If HER2-positive: Your oncologist will discuss adding HER2-targeted therapy to your treatment plan. For early-stage disease, this typically means trastuzumab and pertuzumab given with chemotherapy before or after surgery (or both), followed by a year of trastuzumab. If residual cancer remains after surgery, the treatment may be changed to trastuzumab emtansine (T-DM1). For metastatic disease, the sequence of HER2-targeted drugs is tailored to your situation.
If HER2-low: Your oncologist will note this status. In early-stage disease, HER2-low does not currently change the treatment approach from standard HER2-negative. In metastatic disease that has progressed on other therapies, trastuzumab deruxtecan may be an option — ask your oncologist whether this is relevant to your situation.
If HER2-negative (IHC 0): Treatment will be guided by ER/PR status and other features. HER2-targeted drugs are not part of the plan at this time.
If equivocal (2+ awaiting FISH): No treatment decisions should be delayed while awaiting FISH results. Your team will communicate the final HER2 status once available.

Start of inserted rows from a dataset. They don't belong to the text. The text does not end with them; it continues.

lemma cycle_of_list_funpow_length:
  assumes "distinct cs"
  shows "cycle_of_list cs ^^ length cs = id"
proof
  fix x
  show "(cycle_of_list cs ^^ length cs) x = id x"
  proof (cases "x \<in> set cs")
    case True
    have "map (cycle_of_list cs ^^ length cs) cs = map id cs"
      using cyclic_rotation[OF assms, of "length cs"] by simp
    with True show ?thesis by (simp only: map_eq_conv)
  next
    case False
    then show ?thesis by (simp add: id_outside_supp funpow_fixed_point)
  qed
qed

lemma transpose_comp_3cycle_funpow:
  assumes "distinct [a, b, d, e, f]"
  shows "(transpose a b \<circ> cycle_of_list [d, e, f]) ^^ 3 = transpose a b"
    and "(transpose a b \<circ> cycle_of_list [d, e, f]) ^^ 4 = cycle_of_list [d, e, f]"
proof -
  let ?t = "cycle_of_list [a, b]" and ?c = "cycle_of_list [d, e, f]"
  have comm: "?t \<circ> ?c = ?c \<circ> ?t"
    by (rule cycles_commute) (use assms in auto)
  have t2: "?t ^^ 2 = id" and c3: "?c ^^ 3 = id"
    using cycle_of_list_funpow_length[of "[a, b]"] cycle_of_list_funpow_length[of "[d, e, f]"] assms
    by (simp_all add: numeral_2_eq_2 numeral_3_eq_3)
  have "(?t \<circ> ?c) ^^ k = ?t ^^ (k mod 2) \<circ> ?c ^^ (k mod 3)" for k
    by (simp only: funpow_comp_commute[OF comm] funpow_mod_period[OF t2, of k]
        funpow_mod_period[OF c3, of k])
  from this[of 3] this[of 4]
  show "(transpose a b \<circ> ?c) ^^ 3 = transpose a b" "(transpose a b \<circ> ?c) ^^ 4 = ?c"
    by simp_all
qed

lemma Sym_funpow: "x \<in> Sym n \<Longrightarrow> x ^^ k \<in> Sym n"
  by (simp add: Sym_def permutes_funpow)

lemma Sym_comp: "p \<in> Sym n \<Longrightarrow> q \<in> Sym n \<Longrightarrow> p \<circ> q \<in> Sym n"
  by (simp add: Sym_def permutes_compose)

lemma transpose_in_Sym: "a \<in> {1..n} \<Longrightarrow> b \<in> {1..n} \<Longrightarrow> transpose a b \<in> Sym n"
  by (simp add: Sym_def permutes_swap_id)

lemma cycle_of_list_in_Sym: "set cs \<subseteq> {1..n} \<Longrightarrow> cycle_of_list cs \<in> Sym n"
  unfolding Sym_def using cycle_permutes permutes_subset by blast
lemma expect_union_le_greedy:
  fixes p :: "('e::finite \<Rightarrow> 'o::finite) pmf" and \<sigma> \<pi> :: "('e, 'o) policy"
  assumes disj: "\<forall>z\<in>{1..b}. \<forall>z'\<in>{1..b}. z \<noteq> z' \<longrightarrow> Ez z \<inter> Ez z' = {}"
    and cover: "(\<Union>z\<in>{1..b}. Ez z) = UNIV"
    and mono: "adaptive_monotone p f" and sub: "adaptive_submodular p f"
    and greedy: "greedy_policy p b Ez (\<lambda>\<psi> e. favg_marg p f e \<psi>) c \<sigma>"
    and feas: "feasible_policy p b Ez k \<pi>" and cap: "\<forall>z\<in>{1..b}. k z \<le> 2 * c z"
  shows "expect p (\<lambda>\<phi>. f (Esel \<sigma> \<phi> \<union> Esel \<pi> \<phi>) \<phi>)
    \<le> 3 * expect p (\<lambda>\<phi>. f (Esel \<sigma> \<phi>) \<phi>) - 2 * expect p (\<lambda>\<phi>. f {} \<phi>)"
proof -
  define T where "T = card (UNIV :: 'e set)"
  define gain where "gain \<tau> \<tau>' = (\<Sum>i<T. expect p (step_gain p f \<tau> \<tau>' T i))" for \<tau> \<tau>'
  have "gain \<sigma> \<pi> \<le> 2 * gain (\<lambda>_. None) \<sigma>"
    unfolding gain_def expect_sum[symmetric] expect_cmult[symmetric]
  proof (rule expect_mono)
    fix \<phi> assume pos: "pmf p \<phi> > 0"
    have indep: "pm_indep b Ez k (dom (prun \<pi> \<phi> T))"
      using feas pos unfolding feasible_policy_def Esel_def T_def by blast
    have len: "cum c b \<le> T"
      unfolding T_def by (rule greedy_policy_length[OF greedy pos])
    have "(\<Sum>i<T. step_gain p f \<sigma> \<pi> T i \<phi>)
        \<le> (\<Sum>e\<in>dom (prun \<pi> \<phi> T) - dom (prun \<sigma> \<phi> T). favg_marg p f e (prun \<sigma> \<phi> T))"
      by (rule sum_step_gain_le_marginals[OF sub pos])
    also have "\<dots> \<le> 2 * (\<Sum>t<T. step_gain p f (\<lambda>_. None) \<sigma> T t \<phi>)"
      by (rule greedy_marginals_le_twice_gains[OF disj cover mono sub greedy indep cap pos len])
    finally show "(\<Sum>i<T. step_gain p f \<sigma> \<pi> T i \<phi>) \<le> 2 * (\<Sum>t<T. step_gain p f (\<lambda>_. None) \<sigma> T t \<phi>)" .
  qed
  moreover have "expect p (\<lambda>\<phi>. f (Esel \<sigma> \<phi> \<union> Esel \<pi> \<phi>) \<phi>)
      = expect p (\<lambda>\<phi>. f (Esel \<sigma> \<phi>) \<phi>) + gain \<sigma> \<pi>"
    unfolding gain_def Esel_def T_def by (rule expect_union_eq_sum_step_gain)
  moreover have "expect p (\<lambda>\<phi>. f (Esel \<sigma> \<phi>) \<phi>) = expect p (\<lambda>\<phi>. f {} \<phi>) + gain (\<lambda>_. None) \<sigma>"
    using expect_union_eq_sum_step_gain[of p f "\<lambda>_. None" T \<sigma> T]
    unfolding gain_def Esel_def T_def by (simp add: prun_stop_policy)
  ultimately show ?thesis by linarith
qed

theorem lemma2:
  fixes p :: "('e::finite \<Rightarrow> 'o::finite) pmf"
    and f :: "'e set \<Rightarrow> ('e \<Rightarrow> 'o) \<Rightarrow> real"
    and b :: nat and Ez :: "nat \<Rightarrow> 'e set" and k :: "nat \<Rightarrow> nat"
    and \<pi>mw \<pi>ma \<pi> :: "('e, 'o) policy"
  assumes disj: "\<forall>z\<in>{1..b}. \<forall>z'\<in>{1..b}. z \<noteq> z' \<longrightarrow> Ez z \<inter> Ez z' = {}"
    and cover: "(\<Union>z\<in>{1..b}. Ez z) = UNIV"
    and kpos: "\<forall>z\<in>{1..b}. 0 < k z \<and> k z \<le> card (Ez z)"
    and nonneg: "\<forall>S \<phi>. f S \<phi> \<ge> 0"
    and mono: "adaptive_monotone p f"
    and submod: "adaptive_submodular p f"
    and mw: "greedy_policy p b Ez (\<lambda>\<psi> e. fwc_marg p f e \<psi>) (\<lambda>z. k z div 2) \<pi>mw"
    and ma: "greedy_policy p b Ez (\<lambda>\<psi> e. favg_marg p f e \<psi>) (\<lambda>z. (k z + 1) div 2) \<pi>ma"
    and feas: "feasible_policy p b Ez k \<pi>"
  shows "favg_pol p f \<pi> \<le> 3 * favg_concat p f \<pi>mw \<pi>ma"
proof -
  have cap: "\<forall>z\<in>{1..b}. k z \<le> 2 * ((k z + 1) div 2)" by (intro ballI) presburger
  have "favg_pol p f \<pi> \<le> expect p (\<lambda>\<phi>. f (Esel \<pi>ma \<phi> \<union> Esel \<pi> \<phi>) \<phi>)"
    using expect_Esel_le_union[OF mono, of \<pi> \<pi>ma]
    unfolding favg_pol_def measure_pmf_expectation_eq_expect by (simp add: Un_commute)
  also have "\<dots> \<le> 3 * expect p (\<lambda>\<phi>. f (Esel \<pi>ma \<phi>) \<phi>) - 2 * expect p (\<lambda>\<phi>. f {} \<phi>)"
    by (rule expect_union_le_greedy[OF disj cover mono submod ma feas cap])
  also have "\<dots> \<le> 3 * expect p (\<lambda>\<phi>. f (Esel \<pi>ma \<phi>) \<phi>)"
    using nonneg by (simp add: expect_nonneg)
  also have "\<dots> \<le> 3 * favg_concat p f \<pi>mw \<pi>ma"
    using expect_Esel_le_union[OF mono, of \<pi>ma \<pi>mw]
    unfolding favg_concat_def measure_pmf_expectation_eq_expect by (simp add: Un_commute)
  finally show ?thesis .
qed

end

Questions to ask your doctor

What is my HER2 IHC score, and if the result was 2+, what did the FISH test show?
Is my cancer HER2-positive, HER2-low, or HER2-negative?
If I am HER2-positive, which HER2-targeted drugs will be part of my treatment plan?
If I am HER2-low, are there any treatments that target HER2-low cancers that I should know about?
Will my HER2 status be retested if the cancer comes back or spreads?
What is my cancer’s overall molecular subtype, and what does that mean for my prognosis?
Are there clinical trials studying new HER2-targeted treatments that I might qualify for?